1. A circuit emulation apparatus comprising:

an emulator unit configured to emulate an operation of a circuit;

a replacement unit configured to replace one or more redundant bits with a predetermined bit pattern when information bits and the one or more redundant bits of read data that is read from a first memory by the circuit are all zeros; and

a supply unit configured to supply the information bits and the predetermined bit pattern as the read data to the circuit.

2. The circuit emulation apparatus as claimed in claim 1, wherein the predetermined bit pattern is a bit pattern of redundant bits that are used for data whose data bits are all zeros.

3. The circuit emulation apparatus as claimed in claim 1, wherein when the information bits and the one or more redundant bits of the read data that is read from the first memory by the circuit include at least one bit that is not zero, the supply unit supplies the information bits and the one or more redundant bits to the circuit as the read data.

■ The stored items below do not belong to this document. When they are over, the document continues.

(* For every $\alpha \in (0,1)$ and every $A > 0$ there exists $C = C(\alpha, A)$ such that the following holds. Let $m \ge 4$ be an integer and let $b = (b_1,\ldots,b_m) \in \mathbb{R}^m$ satisfy $\|b\|_{1,\infty} \le 1$ and $\|b\|_1 \ge C (\log\log m)^2$. Then there exist a positive integer $l$ with $A \log\log m \le l \le \log m$ and a subset $I_1 \subseteq [m]$ such that the following holds: for every vector $\lambda = (\lambda_i)_{i \in I_1}$ with $\|\lambda\|_1 \le 1$ there exists a subset $I_2 \subseteq I_1$ such that, writing $n_1 := |I_1|$ and $n_2 := |I_2|$, (i) $2^{l/2} \le \frac{m}{n_1} \le \frac{m}{n_2} \le \big(\frac{m}{n_1}\big)^{1+\alpha}$; (ii) $|b_i| \ge \frac{1}{l n_1}$ for all $i \in I_1$, and $|b_i| \ge \frac{1}{l n_2}$ and $|b_i| \ge 2|\lambda_i|$ for all $i \in I_2$.
   Context: $[m] = \{1,\ldots,m\}$. For a finite sequence $a = (a_i)$, $(|a|^*_i)$ denotes the non-increasing rearrangement of $(|a_i|)$; the weak $\ell_1$ norm $\|a\|_{1,\infty}$ is the infimum of $M > 0$ such that $|a|^*_i \le M i^{-1}$ for all $i$. $\|a\|_1 = \sum_i |a_i|$. All logarithms are to base $2$. *)

theory Defs
  imports Complex_Main
begin

text \<open>Vectors in R^m are functions nat => real, relevant on indices {1..m}.\<close>

definition decr_rearr :: "(nat \<Rightarrow> real) \<Rightarrow> nat \<Rightarrow> nat \<Rightarrow> real" where
  "decr_rearr a m i = rev (sort (map (\<lambda>j. \<bar>a j\<bar>) [1..<m+1])) ! (i - 1)"

definition weak_l1_norm :: "(nat \<Rightarrow> real) \<Rightarrow> nat \<Rightarrow> real" where
  "weak_l1_norm a m = Inf {M. M > 0 \<and> (\<forall>i\<in>{1..m}. decr_rearr a m i \<le> M / real i)}"

definition l1_norm :: "(nat \<Rightarrow> real) \<Rightarrow> nat set \<Rightarrow> real" where
  "l1_norm a I = (\<Sum>i\<in>I. \<bar>a i\<bar>)"

end

theory Submission
  imports Defs
begin

text \<open>Sort the entries of \<open>b\<close> into dyadic levels, \<open>2\<^sup>-\<^sup>j \<le> \<bar>b\<^sub>i\<bar> < 2\<^sup>1\<^sup>-\<^sup>j\<close>; by the weak
  \<open>\<ell>\<^sub>1\<close> bound a level holds at most \<open>2\<^sup>j\<close> entries, hence mass at most \<open>2\<close>. Index levels by
  \<open>y = log\<^sub>2 m - j\<close>. The levels with \<open>y < c \<approx> A log log m\<close> carry mass \<open>O(c)\<close>, and the others
  fall into \<open>O(log log m)\<close> windows \<open>[a, (1 + \<alpha>/2) a)\<close>, so since \<open>\<parallel>b\<parallel>\<^sub>1 \<ge> C (log log m)\<^sup>2\<close>
  one window carries mass at least \<open>14\<close>. With \<open>l \<approx> max (A log log m) (\<alpha> a / 8)\<close>, \<open>I\<^sub>1\<close>
  consists of the levels of that window with more than \<open>2\<^sup>j / l\<close> entries. Given \<open>\<lambda>\<close>,
  averaging over these levels yields one on which the entries dominating \<open>2 \<bar>\<lambda>\<^sub>i\<bar>\<close> still
  number at least \<open>2\<^sup>j / l\<close>; they form \<open>I\<^sub>2\<close>. As all levels of \<open>I\<^sub>1\<close> lie in one window
  and \<open>log l \<le> \<alpha> a / 2\<close>, the ratios \<open>m / n\<^sub>1\<close> and \<open>m / n\<^sub>2\<close> differ by at most the exponent
  \<open>1 + \<alpha>\<close>.\<close>

lemma sorted_nth_from_end_ge:
  fixes ys :: "'a::linorder list"
  assumes srt: "sorted ys" and s1: "1 \<le> s" and cnt: "s \<le> length (filter (\<lambda>x. t \<le> x) ys)"
  shows "t \<le> ys ! (length ys - s)"
proof (rule ccontr)
  assume "\<not> ?thesis"
  hence lt: "ys ! (length ys - s) < t" by simp
  have sl: "s \<le> length ys" using cnt length_filter_le order.trans by blast
  have "{p. p < length ys \<and> t \<le> ys ! p} \<subseteq> {length ys - s <..< length ys}"
  proof
    fix p assume p: "p \<in> {p. p < length ys \<and> t \<le> ys ! p}"
    have "length ys - s < p"
    proof (rule ccontr)
      assume "\<not> length ys - s < p"
      hence "ys ! p \<le> ys ! (length ys - s)"
        using srt sl s1 by (intro sorted_nth_mono) auto
      with lt p show False by (auto dest: order.trans)
    qed
    with p show "p \<in> {length ys - s <..< length ys}" by simp
  qed
  hence "card {p. p < length ys \<and> t \<le> ys ! p} \<le> s - 1"
    using card_mono[of "{length ys - s <..< length ys}"] sl s1 by simp
  with cnt s1 show False by (simp add: length_filter_conv_card)
qed

lemma length_filter_map_upt:
  "length (filter P (map f [1..<m+1])) = card {i\<in>{1..m}. P (f i)}"
proof -
  have "length (filter P (map f [1..<m+1])) = card (set (filter (P \<circ> f) [1..<m+1]))"
    by (metis distinct_card distinct_filter distinct_upt filter_map length_map)
  also have "set (filter (P \<circ> f) [1..<m+1]) = {i\<in>{1..m}. P (f i)}" by auto
  finally show ?thesis .
qed

lemma decr_rearr_ge:
  assumes s1: "1 \<le> s" and sm: "s \<le> card {i\<in>{1..m}. t \<le> \<bar>b i\<bar>}"
  shows "t \<le> decr_rearr b m s"
proof -
  define zs where "zs = map (\<lambda>j. \<bar>b j\<bar>) [1..<m+1]"
  have "card {i\<in>{1..m}. t \<le> \<bar>b i\<bar>} \<le> card {1..m}" by (intro card_mono) auto
  hence s_le: "s \<le> length (sort zs)" using sm by (simp add: zs_def)
  have "length (filter (\<lambda>x. t \<le> x) (sort zs)) = length (filter (\<lambda>x. t \<le> x) zs)"
    by (simp add: filter_sort)
  also have "\<dots> = card {i\<in>{1..m}. t \<le> \<bar>b i\<bar>}"
    unfolding zs_def by (rule length_filter_map_upt)
  finally have
  "length (filter (\<lambda>x. t \<le> x) (sort zs)) = card {i\<in>{1..m}. t \<le> \<bar>b i\<bar>}" .
  hence "t \<le> sort zs ! (length (sort zs) - s)"
    using sm s1 by (intro sorted_nth_from_end_ge) auto
  moreover have "decr_rearr b m s = sort zs ! (length (sort zs) - s)"
    unfolding decr_rearr_def zs_def[symmetric] using s1 s_le
    by (simp add: rev_nth Suc_diff_Suc)
  ultimately show ?thesis by simp
qed

lemma decr_rearr_le_l1_norm:
  assumes "1 \<le> i" "i \<le> m"
  shows "decr_rearr b m i \<le> l1_norm b {1..m}"
proof -
  have "decr_rearr b m i \<in> set (rev (sort (map (\<lambda>j. \<bar>b j\<bar>) [1..<m+1])))"
    unfolding decr_rearr_def using assms by (intro nth_mem) simp
  hence "decr_rearr b m i \<in> (\<lambda>j. \<bar>b j\<bar>) ` {1..m}" by auto
  then obtain j where "j \<in> {1..m}" "decr_rearr b m i = \<bar>b j\<bar>" by auto
  thus ?thesis unfolding l1_norm_def by (auto intro!: member_le_sum)
qed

4. The circuit emulation apparatus as claimed in claim 1, further comprising a restoration unit configured to log contents of the first memory in a second memory and to restore the contents of the first memory from the second memory to the first memory, wherein the restoration unit logs all data stored in the first memory, except for data whose bits are all zeros, in the second memory.

5. A circuit emulation method performed by a circuit emulator, the circuit emulation method comprising:

emulating an operation of a circuit;

replacing one or more redundant bits with a predetermined bit pattern when information bits and the one or more redundant bits of read data that is read from a first memory by the circuit are all zeros; and

supplying the information bits and the predetermined bit pattern as the read data to the circuit.

6. The circuit emulation method as claimed in claim 5, wherein the predetermined bit pattern is a bit pattern of redundant bits that are used for data whose data bits are all zeros.

7. The circuit emulation method as claimed in claim 5, wherein when the information bits and the one or more redundant bits of the read data that is read from the first memory by the circuit include at least one bit that is not zero, the information bits and the one or more redundant bits are supplied to the circuit as the read data.

8. The circuit emulation method as claimed in claim 5, further comprising:

logging contents of the first memory in a second memory; and

restoring the contents of the first memory from the second memory to the first memory,

wherein all data stored in the first memory, except for data whose bits are all zeros, are logged in the second memory.

9. A non-transitory computer-readable medium having a circuit emulation program embodied therein for causing a circuit emulator to perform a process, the process comprising:

emulating an operation of a circuit;

replacing one or more redundant bits with a predetermined bit pattern when information bits and the one or more redundant bits of read data that is read from a first memory by the circuit are all zeros; and

supplying the information bits and the predetermined bit pattern as the read data to the circuit.

10. The non-transitory computer-readable medium as claimed in claim 9, wherein the predetermined bit pattern is a bit pattern of redundant bits that are used for data whose data bits are all zeros.

11. The non-transitory computer-readable medium as claimed in claim 9, wherein when the information bits and the one or more redundant bits of the read data that is read from the first memory by the circuit include at least one bit that is not zero, the information bits and the one or more redundant bits are supplied to the circuit as the read data.

12. The non-transitory computer-readable medium as claimed in claim 9, wherein the program causes the circuit emulator to further perform:

logging contents of the first memory in a second memory; and

restoring the contents of the first memory from the second memory to the first memory,

wherein all data stored in the first memory, except for data whose bits are all zeros, are logged in the second memory.